Directions for this task:
Please reproduce verbatim the lines below, from the first through the one with "using assms(1) by".

[Stored data entries]

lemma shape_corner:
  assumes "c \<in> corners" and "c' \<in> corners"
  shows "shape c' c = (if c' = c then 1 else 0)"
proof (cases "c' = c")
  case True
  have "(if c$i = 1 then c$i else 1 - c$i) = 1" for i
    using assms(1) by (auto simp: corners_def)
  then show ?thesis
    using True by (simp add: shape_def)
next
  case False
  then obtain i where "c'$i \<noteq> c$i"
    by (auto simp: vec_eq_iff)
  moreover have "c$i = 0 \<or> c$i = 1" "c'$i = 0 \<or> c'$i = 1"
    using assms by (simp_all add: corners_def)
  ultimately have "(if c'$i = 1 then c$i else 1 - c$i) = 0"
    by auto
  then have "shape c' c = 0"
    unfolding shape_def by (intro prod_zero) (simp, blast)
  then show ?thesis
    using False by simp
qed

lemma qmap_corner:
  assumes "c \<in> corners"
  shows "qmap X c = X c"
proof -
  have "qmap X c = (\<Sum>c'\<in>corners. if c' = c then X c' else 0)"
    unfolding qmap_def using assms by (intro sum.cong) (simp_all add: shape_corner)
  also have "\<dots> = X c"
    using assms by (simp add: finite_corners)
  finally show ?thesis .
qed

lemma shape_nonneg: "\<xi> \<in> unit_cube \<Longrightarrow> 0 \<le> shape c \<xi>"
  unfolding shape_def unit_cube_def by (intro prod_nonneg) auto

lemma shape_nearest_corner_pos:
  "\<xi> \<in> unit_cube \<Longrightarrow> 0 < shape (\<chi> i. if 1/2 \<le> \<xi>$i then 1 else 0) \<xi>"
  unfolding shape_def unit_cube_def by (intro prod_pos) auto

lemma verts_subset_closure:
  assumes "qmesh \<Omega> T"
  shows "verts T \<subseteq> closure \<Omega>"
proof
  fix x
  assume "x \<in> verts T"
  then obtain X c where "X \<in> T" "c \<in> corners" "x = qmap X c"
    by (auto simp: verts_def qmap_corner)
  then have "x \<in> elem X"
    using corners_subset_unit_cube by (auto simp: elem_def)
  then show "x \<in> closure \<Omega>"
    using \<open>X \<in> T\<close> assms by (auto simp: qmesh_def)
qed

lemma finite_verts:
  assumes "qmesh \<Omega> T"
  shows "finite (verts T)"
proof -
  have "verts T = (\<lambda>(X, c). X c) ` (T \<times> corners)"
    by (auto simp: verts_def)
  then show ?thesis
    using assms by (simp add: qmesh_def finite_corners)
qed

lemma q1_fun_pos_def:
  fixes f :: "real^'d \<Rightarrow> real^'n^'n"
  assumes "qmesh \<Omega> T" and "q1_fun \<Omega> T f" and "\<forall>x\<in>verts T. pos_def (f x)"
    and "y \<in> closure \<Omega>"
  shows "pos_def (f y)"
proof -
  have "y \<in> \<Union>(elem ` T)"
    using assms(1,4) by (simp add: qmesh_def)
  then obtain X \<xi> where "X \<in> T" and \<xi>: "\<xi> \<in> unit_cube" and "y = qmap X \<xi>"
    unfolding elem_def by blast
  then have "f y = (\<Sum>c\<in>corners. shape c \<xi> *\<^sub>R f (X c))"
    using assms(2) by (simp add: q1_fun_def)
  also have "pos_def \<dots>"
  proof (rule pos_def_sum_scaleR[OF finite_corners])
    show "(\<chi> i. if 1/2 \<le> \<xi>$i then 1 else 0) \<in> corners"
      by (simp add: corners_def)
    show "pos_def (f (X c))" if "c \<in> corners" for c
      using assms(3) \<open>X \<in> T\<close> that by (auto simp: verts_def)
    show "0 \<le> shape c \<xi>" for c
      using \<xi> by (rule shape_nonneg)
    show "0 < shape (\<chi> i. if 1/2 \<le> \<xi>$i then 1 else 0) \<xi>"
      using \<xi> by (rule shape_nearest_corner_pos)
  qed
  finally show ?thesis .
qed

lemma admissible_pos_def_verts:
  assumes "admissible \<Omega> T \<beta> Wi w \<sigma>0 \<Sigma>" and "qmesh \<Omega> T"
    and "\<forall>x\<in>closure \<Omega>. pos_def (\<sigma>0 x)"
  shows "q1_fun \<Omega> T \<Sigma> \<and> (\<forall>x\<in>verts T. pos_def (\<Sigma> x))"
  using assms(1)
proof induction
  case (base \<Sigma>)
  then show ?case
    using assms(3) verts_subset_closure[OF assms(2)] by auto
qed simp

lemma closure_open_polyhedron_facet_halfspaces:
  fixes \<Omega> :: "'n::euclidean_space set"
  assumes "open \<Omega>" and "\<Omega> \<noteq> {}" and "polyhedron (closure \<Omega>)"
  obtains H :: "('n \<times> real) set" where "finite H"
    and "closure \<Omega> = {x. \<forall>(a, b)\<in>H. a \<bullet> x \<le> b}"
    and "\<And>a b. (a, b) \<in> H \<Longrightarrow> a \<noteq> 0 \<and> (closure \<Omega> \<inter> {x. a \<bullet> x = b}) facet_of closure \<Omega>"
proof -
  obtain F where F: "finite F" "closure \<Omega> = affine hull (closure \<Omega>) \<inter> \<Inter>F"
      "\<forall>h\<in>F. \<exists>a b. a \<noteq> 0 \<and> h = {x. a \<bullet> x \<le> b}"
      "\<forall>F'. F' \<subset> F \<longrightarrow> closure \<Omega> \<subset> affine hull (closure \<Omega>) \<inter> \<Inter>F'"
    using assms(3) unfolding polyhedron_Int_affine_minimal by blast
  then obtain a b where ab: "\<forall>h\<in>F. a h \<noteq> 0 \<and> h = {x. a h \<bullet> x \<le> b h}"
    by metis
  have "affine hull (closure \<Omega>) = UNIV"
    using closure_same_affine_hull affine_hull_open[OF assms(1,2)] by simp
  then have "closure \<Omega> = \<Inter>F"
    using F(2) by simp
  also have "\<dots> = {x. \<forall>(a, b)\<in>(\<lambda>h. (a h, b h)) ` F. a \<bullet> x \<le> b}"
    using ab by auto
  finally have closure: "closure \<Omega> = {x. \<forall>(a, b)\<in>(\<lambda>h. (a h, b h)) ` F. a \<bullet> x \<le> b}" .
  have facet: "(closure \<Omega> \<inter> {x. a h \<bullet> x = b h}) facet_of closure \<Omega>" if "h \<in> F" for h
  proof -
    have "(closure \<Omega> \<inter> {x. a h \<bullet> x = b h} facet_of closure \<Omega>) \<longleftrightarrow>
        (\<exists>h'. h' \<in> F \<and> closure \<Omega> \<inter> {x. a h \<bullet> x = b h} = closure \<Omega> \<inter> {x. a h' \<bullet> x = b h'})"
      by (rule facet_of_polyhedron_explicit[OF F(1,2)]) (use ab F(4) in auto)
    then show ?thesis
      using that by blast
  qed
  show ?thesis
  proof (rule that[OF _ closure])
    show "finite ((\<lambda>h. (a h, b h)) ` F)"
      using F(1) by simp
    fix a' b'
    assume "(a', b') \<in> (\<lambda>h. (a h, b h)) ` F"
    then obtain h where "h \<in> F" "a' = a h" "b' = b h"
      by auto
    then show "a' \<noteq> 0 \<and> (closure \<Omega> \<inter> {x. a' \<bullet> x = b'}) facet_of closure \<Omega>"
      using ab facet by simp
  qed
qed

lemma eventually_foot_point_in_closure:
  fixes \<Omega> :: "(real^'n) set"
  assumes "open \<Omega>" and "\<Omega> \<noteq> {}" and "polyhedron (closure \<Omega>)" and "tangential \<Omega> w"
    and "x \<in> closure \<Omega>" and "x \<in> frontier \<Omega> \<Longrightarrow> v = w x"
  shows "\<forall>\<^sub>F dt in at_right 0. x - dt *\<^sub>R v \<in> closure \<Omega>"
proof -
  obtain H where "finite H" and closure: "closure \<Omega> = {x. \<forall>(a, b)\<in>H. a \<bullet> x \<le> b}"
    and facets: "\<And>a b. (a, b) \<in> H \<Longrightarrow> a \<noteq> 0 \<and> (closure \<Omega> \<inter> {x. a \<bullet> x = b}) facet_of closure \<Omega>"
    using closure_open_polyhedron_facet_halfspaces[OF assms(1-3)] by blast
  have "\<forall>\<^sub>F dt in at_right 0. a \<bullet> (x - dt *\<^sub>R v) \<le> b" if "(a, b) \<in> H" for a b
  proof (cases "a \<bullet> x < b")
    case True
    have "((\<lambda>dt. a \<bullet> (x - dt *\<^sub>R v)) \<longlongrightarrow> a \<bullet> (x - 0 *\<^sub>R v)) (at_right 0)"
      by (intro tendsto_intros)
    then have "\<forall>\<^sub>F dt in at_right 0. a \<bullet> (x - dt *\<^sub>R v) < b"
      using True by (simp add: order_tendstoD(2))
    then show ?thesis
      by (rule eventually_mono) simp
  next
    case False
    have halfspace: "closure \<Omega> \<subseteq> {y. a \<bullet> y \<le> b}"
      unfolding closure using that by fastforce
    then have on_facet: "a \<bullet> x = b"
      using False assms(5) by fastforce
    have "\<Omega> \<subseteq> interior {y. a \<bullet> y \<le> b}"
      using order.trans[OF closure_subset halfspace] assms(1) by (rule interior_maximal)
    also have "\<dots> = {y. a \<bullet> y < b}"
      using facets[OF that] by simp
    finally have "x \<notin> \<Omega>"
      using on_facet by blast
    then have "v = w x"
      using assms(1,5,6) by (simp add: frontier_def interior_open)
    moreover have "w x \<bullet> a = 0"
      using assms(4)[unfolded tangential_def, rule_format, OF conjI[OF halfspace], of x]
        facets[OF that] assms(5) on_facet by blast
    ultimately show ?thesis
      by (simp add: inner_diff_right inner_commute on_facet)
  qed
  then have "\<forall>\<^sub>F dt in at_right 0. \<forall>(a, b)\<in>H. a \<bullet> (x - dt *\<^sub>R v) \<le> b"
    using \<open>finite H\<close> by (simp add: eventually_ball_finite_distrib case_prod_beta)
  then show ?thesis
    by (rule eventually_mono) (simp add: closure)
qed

Result of this exercise:
lemma shape_corner:
  assumes "c \<in> corners" and "c' \<in> corners"
  shows "shape c' c = (if c' = c then 1 else 0)"
proof (cases "c' = c")
  case True
  have "(if c$i = 1 then c$i else 1 - c$i) = 1" for i
    using assms(1) by (auto simp: corners_def)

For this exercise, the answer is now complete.